Embedded vision has the potential to enable a range of medical and other electronic products that will be more intelligent and responsive than before—and thus more valuable to users. The technology can both add helpful features to existing products and open up brand new markets for equipment manufacturers. The examples discussed in this article, along with its accompanying sidebars, have hopefully sparked your creativity. A worldwide industry alliance of semiconductor, software and services suppliers is also poised to assist you in rapidly and robustly transforming your next-generation ideas into shipping-product reality (see sidebar "The Embedded Vision Alliance"). The era of cost-effective, power-efficient, and full-featured embedded vision capabilities has arrived. What you do with the technology's potential is fundamentally limited only by your imagination.

Sidebar: Mobile Electronics Applications Showcase Embedded Vision

Thanks to service provider subsidies coupled with high shipment volumes, relatively inexpensive smartphones and tablets supply formidable processing capabilities: multi-core GHz-plus CPUs and graphics processors, on-chip DSPs and imaging coprocessors, and multiple gigabytes of memory. Plus, they integrate front- and rear-viewing cameras capable of capturing high-resolution still images and HD video clips. Harnessing this hardware potential, developers have created medical applications for mobile electronics devices.

Sidebar: Codifying Intuition

Medicine, like any science, heavily relies on data to diagnose and treat patient ailments. However, as any healthcare professional will tell you physicians and nurses also commonly rely on intuition. Simply by glancing at a patient, and relying in no small part on past experience, a medical professional can often deliver an accurate diagnosis, even in the presence of nebulous or contradictory information.

While we typically don’t understand the processes by which such snap judgments are created, this does not necessarily preclude harnessing them to create insightful automated systems. The field of machine learning, which is closely allied with embedded vision, involves creating machines that can learn by example. By inputting to a computer the data sets of various patient cases, complete with information on healthcare professionals’ assessments, the system's artificial intelligence algorithms may subsequently be able to intuit with human-like success rates.

Sidebar: The Embedded Vision Alliance

The Embedded Vision Alliance, a worldwide organization of technology developers and providers, is working to empower engineers to transform the potential of embedded vision technology into reality. The alliance’s mission is to provide engineers with practical education, information, and insights to help them incorporate embedded vision capabilities into products.
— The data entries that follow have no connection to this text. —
(* Let $n\ge 2$, $k\ge 1$, and let $\pi$ be an even permutation of the vertex set $\{0,\dots,k+1\}$ of $K_{k+2}$. Then $c_{n,k}\simeq \pi\circ c_{n,k}$ as graph homomorphisms $\overline{SG}_{n,k}\to K_{k+2}$.
   Context: Let $m=2n+k$. A subset $S\subseteq\{0,\dots,m-1\}$ is semi-stable if $\{i,i+1\}\not\subseteq S$ for all $0\le i\le m-2$. The semi-stable Kneser graph $\overline{SG}_{n,k}$ has as vertices the semi-stable $n$-element subsets of $\{0,\dots,m-1\}$, two being adjacent iff they are disjoint. $K_{k+2}$ is the loopless complete graph on $\{0,\dots,k+1\}$, and $c_{n,k}\colon\overline{SG}_{n,k}\to K_{k+2}$ is the canonical colouring $S\mapsto\min S$. For graphs $G,H$ and maps $f,g\colon V(G)\to V(H)$, write $f\sim g$ if $(f(u),g(v))\in E(H)$ for all $(u,v)\in E(G)$. For graph homomorphisms $f,g\colon G\to H$, $f\simeq g$ means there are graph homomorphisms $f=f_0,f_1,\dots,f_N=g$ ($N\ge0$) with $f_{i}\sim f_{i+1}$ for all $i$. *)

theory Defs
  imports "HOL-Combinatorics.Permutations"
begin

definition semi_stable :: "nat \<Rightarrow> nat set \<Rightarrow> bool" where
  "semi_stable m S \<longleftrightarrow> S \<subseteq> {..<m} \<and> (\<forall>i. i + 2 \<le> m \<longrightarrow> \<not> {i, i+1} \<subseteq> S)"

definition SG_verts :: "nat \<Rightarrow> nat \<Rightarrow> nat set set" where
  "SG_verts n k = {S. semi_stable (2*n+k) S \<and> card S = n}"

definition SG_adj :: "nat set \<Rightarrow> nat set \<Rightarrow> bool" where
  "SG_adj S T \<longleftrightarrow> S \<inter> T = {}"

definition K_verts :: "nat \<Rightarrow> nat set" where
  "K_verts k = {0..k+1}"

definition K_adj :: "nat \<Rightarrow> nat \<Rightarrow> bool" where
  "K_adj x y \<longleftrightarrow> x \<noteq> y"

definition canon_col :: "nat set \<Rightarrow> nat" where
  "canon_col S = Min S"

definition graph_hom :: "'a set \<Rightarrow> ('a \<Rightarrow> 'a \<Rightarrow> bool) \<Rightarrow> 'b set \<Rightarrow> ('b \<Rightarrow> 'b \<Rightarrow> bool) \<Rightarrow> ('a \<Rightarrow> 'b) \<Rightarrow> bool" where
  "graph_hom VG EG VH EH f \<longleftrightarrow> (\<forall>u\<in>VG. f u \<in> VH) \<and> (\<forall>u\<in>VG. \<forall>v\<in>VG. EG u v \<longrightarrow> EH (f u) (f v))"

definition map_sim :: "'a set \<Rightarrow> ('a \<Rightarrow> 'a \<Rightarrow> bool) \<Rightarrow> ('b \<Rightarrow> 'b \<Rightarrow> bool) \<Rightarrow> ('a \<Rightarrow> 'b) \<Rightarrow> ('a \<Rightarrow> 'b) \<Rightarrow> bool" where
  "map_sim VG EG EH f g \<longleftrightarrow> (\<forall>u\<in>VG. \<forall>v\<in>VG. EG u v \<longrightarrow> EH (f u) (g v))"

definition hom_homotopic :: "'a set \<Rightarrow> ('a \<Rightarrow> 'a \<Rightarrow> bool) \<Rightarrow> 'b set \<Rightarrow> ('b \<Rightarrow> 'b \<Rightarrow> bool) \<Rightarrow> ('a \<Rightarrow> 'b) \<Rightarrow> ('a \<Rightarrow> 'b) \<Rightarrow> bool" where
  "hom_homotopic VG EG VH EH f g \<longleftrightarrow>
     graph_hom VG EG VH EH f \<and> graph_hom VG EG VH EH g \<and>
     (\<exists>N::nat. \<exists>h :: nat \<Rightarrow> 'a \<Rightarrow> 'b.
        (\<forall>u\<in>VG. h 0 u = f u) \<and> (\<forall>u\<in>VG. h N u = g u) \<and>
        (\<forall>i\<le>N. graph_hom VG EG VH EH (h i)) \<and>
        (\<forall>i<N. map_sim VG EG EH (h i) (h (Suc i))))"

end

theory Submission
  imports Defs
begin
To execute this mission, the alliance has developed a Web site with tutorial articles, videos, code downloads, and a discussion forum staffed by a diversity of technology experts. For more information on the Embedded Vision Alliance, including membership details, please email info@Embedded-Vision.com or call 925/954-1411.
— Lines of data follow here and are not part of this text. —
lemma theta_chain_log_term:
  "theta_chain (- of_nat k) (\<lambda>j z. z ^ (k + 1) * Ln z ^ j / of_nat (fact j)) (\<lambda>z. z ^ (k + 1))"
proof -
  have "(\<lambda>z. z ^ (k + 1) * Ln z ^ j / of_nat (fact j)) holomorphic_on cut_disc" for j
    using cut_disc_subset cut_plane_not_nonpos_Reals by (intro holomorphic_intros) auto
  moreover have "theta_c (- of_nat k) (\<lambda>z. z ^ (k + 1) * Ln z ^ Suc j / of_nat (fact (Suc j))) z
      = z ^ (k + 1) * Ln z ^ j / of_nat (fact j)" if "z \<in> cut_disc" for j z
    using that cut_disc_subset cut_plane_not_nonpos_Reals by (intro theta_c_log_term) auto
  moreover have "z ^ (k + 1) * Ln z ^ 0 / of_nat (fact 0) = z ^ (k + 1)" for z :: complex
    by simp
  ultimately show ?thesis unfolding theta_chain_def by blast
qed

text \<open>The logarithmic term supplies the resonant term \<open>z^(k+1)\<close> missing from the power series.\<close>
lemma theta_chain_Li_star_series:
  "theta_chain (- of_nat k) (Li_star_series k) (\<lambda>z. z / (1 - z))"
proof -
  define a :: "nat \<Rightarrow> nat \<Rightarrow> complex" where
    "a j n = (if n = k then 0 else inverse (of_int (int n - int k)) ^ j)" for j n
  have "norm (a j n) \<le> 1" for j n
  proof -
    have "n \<noteq> k \<Longrightarrow> 1 \<le> norm (of_int (int n - int k) :: complex)"
      by (metis norm_of_int of_int_1_le_iff of_int_abs zero_less_abs_iff int_one_le_iff_zero_less
          right_minus_eq of_nat_eq_iff)
    then show ?thesis
      by (simp add: a_def norm_power norm_inverse inverse_le_1_iff power_le_one)
  qed
  moreover have "(of_nat n + - of_nat k) * a (Suc j) n = a j n" for j n
    by (cases "n = k") (simp_all add: a_def mult.assoc[symmetric])
  moreover have "(\<Sum>n. a 0 n * z ^ (n + 1)) = z / (1 - z) - z ^ (k + 1)" if "z \<in> cut_disc" for z
  proof -
    have "(\<lambda>n. z ^ (n + 1) - (if n = k then z ^ (n + 1) else 0)) sums (z / (1 - z) - z ^ (k + 1))"
      using that cut_disc_subset by (intro sums_diff geometric_shifted_sums sums_single) auto
    moreover have "(\<lambda>n. z ^ (n + 1) - (if n = k then z ^ (n + 1) else 0)) = (\<lambda>n. a 0 n * z ^ (n + 1))"
      by (simp add: a_def fun_eq_iff)
    ultimately show ?thesis by (metis sums_unique)
  qed
  ultimately have "theta_chain (- of_nat k) (\<lambda>j z. \<Sum>n. a j n * z ^ (n + 1)) (\<lambda>z. z / (1 - z) - z ^ (k + 1))"
    by (intro theta_chain_shifted_power_series always_eventually) auto
  from theta_chain_add[OF this theta_chain_log_term]
  have "theta_chain (- of_nat k) (\<lambda>j z. (\<Sum>n. a j n * z ^ (n + 1)) + z ^ (k + 1) * Ln z ^ j / of_nat (fact j))
      (\<lambda>z. z / (1 - z))"
    by simp
  moreover have "(\<lambda>j z. (\<Sum>n. a j n * z ^ (n + 1)) + z ^ (k + 1) * Ln z ^ j / of_nat (fact j))
      = Li_star_series k"
    unfolding Li_star_series_def a_def
    by (intro ext arg_cong2[where f = "(+)"] suminf_cong refl)
       (simp add: divide_inverse power_inverse mult.commute)
  ultimately show ?thesis by simp
qed

lemma Li_star_eq_SOME:
  "Li_star m k = (SOME f. f holomorphic_on cut_plane \<and> (\<forall>z\<in>cut_disc. f z = Li_star_series k m z))"
  unfolding Li_star_def Li_star_series_def cut_disc_def ..

lemma holomorphic_on_Li_star: "Li_star m k holomorphic_on cut_plane"
  by (rule theta_chain_continuation(1)[OF theta_chain_Li_star_series holomorphic_on_geometric_cut_plane
        Li_star_eq_SOME])

lemma theta_c_funpow_Li_star:
  "z \<in> cut_plane \<Longrightarrow> (theta_c (- of_nat k) ^^ m) (Li_star m k) z = z / (1 - z)"
  by (rule theta_chain_continuation(2)[OF theta_chain_Li_star_series holomorphic_on_geometric_cut_plane
        Li_star_eq_SOME])

section \<open>Polynomial coefficients and singular points\<close>

fun theta_coeff :: "complex \<Rightarrow> nat \<Rightarrow> nat \<Rightarrow> complex" where
  "theta_coeff c 0 j = (if j = 0 then 1 else 0)"
| "theta_coeff c (Suc k) j = (of_nat j + c - 1) * theta_coeff c k j + (if j = 0 then 0 else theta_coeff c k (j - 1))"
Brian Dipert is editor-in-chief of the Embedded Vision Alliance (Walnut Creek, CA) and a senior analyst at Berkeley Design Technology Inc. (BDTI; Walnut Creek), a firm that provides analysis, advice, and engineering for embedded processing technology and applications. Dipert holds a bachelor’s degree in electrical engineering from Purdue University. Reach him at dipert@embedded-vision.com.
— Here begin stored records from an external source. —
lemma minor_solution:
  assumes h: "h \<in> mats n" and row: "\<forall>b. 1 \<le> b \<and> b < j \<longrightarrow> h n b = 0"
    and k: "k \<in> {1..n}" "k \<noteq> i" and d: "mdet n (minor_mat n i j h k) \<noteq> 0"
  defines "y \<equiv> mvec n (minv n (minor_mat n i j h k)) (evec (w k))"
  shows "\<forall>c. c \<notin> minor_cols n i j k \<longrightarrow> y c = 0" and "\<forall>q. w k < q \<longrightarrow> mvec n h y q = 0"
    and "mvec n h y (w k) = 1"
proof -
  let ?A = "minor_mat n i j h k"
  have A: "?A \<in> GL n" using d minor_mat_mats[OF h] by (simp add: GL_iff_mdet)
  have Ay: "mvec n ?A y = evec (w k)"
    unfolding y_def mvec_mmult[symmetric] mmult_minv[OF A] using w_range[OF k(1)] by (rule mvec_idm_evec)
  have kC: "k \<in> minor_cols n i j k" using k(1) by (simp add: minor_cols_def)
  show supp: "\<forall>c. c \<notin> minor_cols n i j k \<longrightarrow> y c = 0"
  proof (intro allI impI)
    fix c assume c: "c \<notin> minor_cols n i j k"
    show "y c = 0"
    proof (cases "c \<in> {1..n}")
      case True
      then have "y c = evec (w k) (w c)" using mvec_minor_mat_outside[OF True c, of h y] Ay by simp
      then show ?thesis using c kC w_inj by (auto simp: evec_def)
    qed (simp add: y_def mvec_mats_outside minv_mats[OF A])
  qed
  have on_C: "mvec n h y q = evec (w k) q" if "q \<in> w ` minor_cols n i j k" for q
    using mvec_minor_mat_inside[OF that supp, of h] Ay by simp
  show "mvec n h y (w k) = 1" using on_C[of "w k"] kC by (simp add: evec_def)
  show "\<forall>q. w k < q \<longrightarrow> mvec n h y q = 0"
  proof (intro allI impI)
    fix q assume q: "w k < q"
    show "mvec n h y q = 0"
    proof (cases "q \<in> {1..n}")
      case True
      define c where "c = Hilbert_Choice.inv w q"
      have c: "c \<in> {1..n}" "w c = q"
        unfolding c_def using True permutes_inverses(1)[OF w_permutes]
          permutes_in_image[OF permutes_inv[OF w_permutes]] by auto
      show ?thesis
      proof (cases "c \<in> minor_cols n i j k")
        case True
        then show ?thesis using on_C[of q] c q by (auto simp: evec_def)
      next
        case False
        then have "k < c" using c q by (auto simp: minor_cols_def)
        then have "c = j" "k < j" using w_inversion[OF k(1) c(1) k(2)] c q by auto
        then have "q = n" "\<forall>c'. h n c' * y c' = 0"
          using c w_j row supp by (auto simp: minor_cols_def) (metis le_less_trans)
        then show ?thesis unfolding mvec_def by (auto intro: sum.neutral)
      qed
    qed (simp add: mvec_mats_outside h)
  qed
qed

lemma bruhat_col_solves:
  assumes h: "h \<in> mats n" and col: "\<forall>a. h a i = evec 1 a"
    and row: "\<forall>b. 1 \<le> b \<and> b < j \<longrightarrow> h n b = 0"
    and k: "k \<in> {1..n}" and d: "k \<noteq> i \<longrightarrow> mdet n (minor_mat n i j h k) \<noteq> 0"
  shows "supported_upto (bruhat_col n i j h k) k \<and>
    (\<forall>q. w k < q \<longrightarrow> mvec n h (bruhat_col n i j h k) q = 0) \<and>
    mvec n h (bruhat_col n i j h k) (w k) = 1"
proof (cases "k = i")
  case True
  have "mvec n h (evec i) = evec 1" using mvec_evec[OF i] col by auto
  then show ?thesis using True w_i i by (auto simp: bruhat_col_def evec_def supported_upto_def)
next
  case False
  have "bruhat_col n i j h k c = 0" if "c \<notin> {1..k}" for c
    using minor_solution(1)[OF h row k False] d False that by (auto simp: bruhat_col_def minor_cols_def)
  then have "supported_upto (bruhat_col n i j h k) k"
    unfolding supported_upto_def by blast
  then show ?thesis
    using minor_solution(2,3)[OF h row k False] d False by (simp add: bruhat_col_def)
qed

lemma eq_Bor_mmult_W:
  assumes X: "X \<in> mats n"
    and below: "\<And>k q. k \<in> {1..n} \<Longrightarrow> w k < q \<Longrightarrow> X q k = 0"
    and pivot: "\<And>k. k \<in> {1..n} \<Longrightarrow> X (w k) k = 1"
  shows "\<exists>b\<in>Bor n. X = mmult n b W"
proof -
  let ?u = "Hilbert_Choice.inv w"
  have u: "?u r \<in> {1..n}" "w (?u r) = r" if "r \<in> {1..n}" for r
    using that permutes_inverses(1)[OF w_permutes] permutes_in_image[OF permutes_inv[OF w_permutes]]
    by auto
  define b where "b = (\<lambda>q r. if r \<in> {1..n} then X q (?u r) else 0)"
  have "X q c = mmult n b W q c" for q c
  proof (cases "c \<in> {1..n}")
    case True
    then show ?thesis
      using permutes_inverses(2)[OF w_permutes] w_range[OF True] by (simp add: mmult_W b_def)
  next
    case False
    then show ?thesis using matsD[OF X] by (auto simp: mmult_W)
  qed
  then have "X = mmult n b W" by (intro ext)
  moreover have "b \<in> mats n"
  proof (rule matsI)
    fix q r assume "q \<notin> {1..n} \<or> r \<notin> {1..n}"
    then show "b q r = 0" using matsD[OF X] u(1)[of r] by (auto simp: b_def)
  qed
  moreover have "upper_tri b" unfolding upper_tri_def
  proof (intro allI impI)
    fix q r :: nat assume "r < q"
    then show "b q r = 0" using below[of "?u r" q] u[of r] by (simp add: b_def)
  qed
  moreover have "b k k = 1" if "k \<in> {1..n}" for k
    using pivot[OF u(1)[OF that]] u(2)[OF that] that by (simp add: b_def)
  then have "mdet n b = 1"
    using mdet_upper_tri[OF \<open>upper_tri b\<close>] by simp
  ultimately show ?thesis using BorI by (auto simp: GL_iff_mdet)
qed

lemma Bruhat_decomposition_generic:
  assumes hG: "h \<in> GL n" and col: "\<forall>a. h a i = evec 1 a"
    and row: "\<forall>b. 1 \<le> b \<and> b < j \<longrightarrow> h n b = 0"
    and d: "\<forall>k\<in>{1..n}. k \<noteq> i \<longrightarrow> mdet n (minor_mat n i j h k) \<noteq> 0"
  shows "\<exists>c\<in>Bor n. \<exists>b\<in>Bor n. mmult n h c = mmult n b W"
proof -
  have h: "h \<in> mats n" using GL_mats[OF hG] .
  define c where "c = (\<lambda>q k. if k \<in> {1..n} then bruhat_col n i j h k q else 0)"
  have col_props: "supported_upto (bruhat_col n i j h k) k \<and>
      (\<forall>q. w k < q \<longrightarrow> mvec n h (bruhat_col n i j h k) q = 0) \<and>
      mvec n h (bruhat_col n i j h k) (w k) = 1" if "k \<in> {1..n}" for k
    using bruhat_col_solves[OF h col row that] d that by simp
  have hc: "mmult n h c q k = mvec n h (bruhat_col n i j h k) q" if "k \<in> {1..n}" for q k
    unfolding mmult_def c_def mvec_def using that by simp
  have c_vanishes: "c q k = 0" if "q \<notin> {1..k}" for q k
  proof (cases "k \<in> {1..n}")
    case True
    then show ?thesis
      using conjunct1[OF col_props[OF True]] that unfolding supported_upto_def c_def by auto
  qed (auto simp: c_def)
  have c_mats: "c \<in> mats n"
  proof (rule matsI)
    fix q k assume qk: "q \<notin> {1..n} \<or> k \<notin> {1..n}"
    show "c q k = 0"
    proof (cases "k \<in> {1..n}")
      case True
      then show ?thesis using qk c_vanishes[of q k] by auto
    qed (auto simp: c_def)
  qed
  have c_upper: "upper_tri c"
    unfolding upper_tri_def using c_vanishes by simp
  obtain b where b: "b \<in> Bor n" and hcb: "mmult n h c = mmult n b W"
  proof (rule bexE[OF eq_Bor_mmult_W[OF mmult_mats[OF h c_mats]]])
    show "mmult n h c q k = 0" if "k \<in> {1..n}" "w k < q" for k q
      using col_props[OF that(1)] that(2) hc[OF that(1)] by simp
    show "mmult n h c (w k) k = 1" if "k \<in> {1..n}" for k
      using col_props[OF that] hc[OF that] by simp
  qed
  have "mdet n h * mdet n c = mdet n b * mdet n W"
    using arg_cong[OF hcb, of "mdet n"] by (simp add: mdet_mmult)
  then have "mdet n c \<noteq> 0"
    using hG W_GL Bor_GL[OF b] by (auto simp: GL_iff_mdet)
  then have "c \<in> Bor n" using BorI c_mats c_upper by (simp add: GL_iff_mdet)
  then show ?thesis using b hcb by blast
qed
Kamran Khan is a technical marketing engineer at Xilinx Corp. (San Jose, CA). He has more than six years of technical marketing and application experience in the semiconductor industry, focusing on FPGAs. Prior to joining Xilinx, he worked on developing FPGA-based applications and solutions for customers in an array of end markets, including medical. Contact him at kamran.khan@xilinx.com.

Xilinx is a platinum member of the Embedded Vision Alliance. Xilinx enables smarter devices by pioneering new technologies and tools to make embedded vision more powerful. Xilinx’s All Programmable SoCs provide embedded applications with the productivity of a dual-core processor and FPGA fabric, all in one device. Building smaller, smarter and otherwise better medical equipment begins with the right devices and tools to accelerate applications. You can, for example, off-load real-time analytics to hardware accelerator blocks in the FPGA fabric, while the integrated microprocessor handles secure operating systems and communications protocols via software. Xilinx’s commitment to innovating All Programmable SoCs will usher in new medical devices that will be smarter, safer and more accurate. For more information, please visit http://www.xilinx.com.

3D Imaging With National Instruments' LabVIEW

Bookmark and Share

3D Imaging With National Instruments' LabVIEW

by Vineet Aggarwal
Embedded Systems Group Manager
National Instruments
This is a reprint of a National Instruments-published white paper, which is also available here.


3D imaging technology has come a long way from its roots in academic research labs, and thanks to innovations in sensors, lighting and most importantly, embedded processing, 3D vision is now appearing in a variety of machine automation applications. From vision-guided robotic bin-picking to high precision metrology, the latest generation of processors can now handle the immense data sets and sophisticated algorithms required to extract depth information and quickly make decisions. The LabVIEW 2012 Vision Development Module makes 3D vision accessible to engineers through seamless integration of software and hardware tools for 3D within one graphical development environment.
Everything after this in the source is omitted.